On arriving to our location the farmer was there on his quad bike driving up the track to the place we was going, we give it 10 mins then followed, as we were half way up the track we could hear the farmer coming towards us so I said to Rod lets hide, Rod looked at me strange, so I gets down and starts running for the trees, Rod follows shaking his head saying this is a stupid idea, I just laughed haha, we get behind a tree and the farmer drive past just feet away, my heart was racing and it reminded me of being a kid again playing hide and seek haha, Rod though we had been see but the farmer just drove on past not knowing any better. 

We then make our way up to the house and its a great relief, we have seen the pics of the Lullaby house on here before but wasn't expecting it to be like it was, it was everything we was hoping for and a whole lot more! at one point when we where in the Kitchen we'r heard the gate squeak and open at the side of the house, don't know if it was the farmer or just a rambler walking by, we just stood quietly waiting for someone to walk it and tell us to get out but to our releafe no one did.

There was lots to explore here with loads of possessions still left behind, out buildings, kitchen, bedrooms and attic, for me the main living room was my favourite part of the house, as soon as I walked in I was blown away with how it still looked, it was like traveling back in time.

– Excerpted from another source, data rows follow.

lemma spanned_merge_classes: "spanned (merge_classes E a b) = insert (lca T {a,b}) (spanned E)"
proof
  show "spanned (merge_classes E a b) \<subseteq> insert (lca T {a,b}) (spanned E)"
  proof
    fix w assume "w \<in> spanned (merge_classes E a b)"
    then obtain c d where cd: "(c,d) \<in> merge_classes E a b" "c \<noteq> d" "w = lca T {c,d}"
      by (rule spannedE)
    show "w \<in> insert (lca T {a,b}) (spanned E)"
    proof (cases "(c,d) \<in> E")
      case True
      then show ?thesis using spannedI cd(2,3) by blast
    next
      case False
      then have "c \<in> E `` {a} \<union> E `` {b}" "d \<in> E `` {a} \<union> E `` {b}"
        using cd(1) unfolding merge_classes_def by blast+
      from merged_pair_lca[OF this cd(2)] show ?thesis
      proof
        assume "\<exists>e f. (e,f) \<in> E \<and> e \<noteq> f \<and> e \<in> E `` {a} \<union> E `` {b} \<and> lca T {c,d} = lca T {e,f}"
        then obtain e f where "(e,f) \<in> E" "e \<noteq> f" "lca T {c,d} = lca T {e,f}" by blast
        then show ?thesis using spannedI[of e f E] cd(3) by simp
      qed (simp add: cd(3))
    qed
  qed
  have "(a,b) \<in> merge_classes E a b"
    unfolding merge_classes_def using equiv_class_self[OF E(1)] ab_in_I by blast
  moreover have "spanned E \<subseteq> spanned (merge_classes E a b)"
    by (rule spanned_mono) (auto simp: merge_classes_def)
  ultimately show "insert (lca T {a,b}) (spanned E) \<subseteq> spanned (merge_classes E a b)"
    using spannedI[OF _ ab(2)] by blast
qed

Don't have much history on the place but have heard that there was a death in the family thats how it ended up empty and there was no money to keep the place maintained which is normally the case in these situations, farmers don't sell them on because they own the land and don't want other people living on there land.





























































































































































Thanks


----------



## Rubex (Feb 28, 2016)

It looks like someone has tidied up the front room and done a pretty good job of it too lol the front room looks a lot different compared to when we went. Love your take on this place  great write up and excellent photos!


----------



## Jon6D (Feb 28, 2016)

Rubex said:


> It looks like someone has tidied up the front room and done a pretty good job of it too lol the front room looks a lot different compared to when we went. Love your take on this place  great write up and excellent photos!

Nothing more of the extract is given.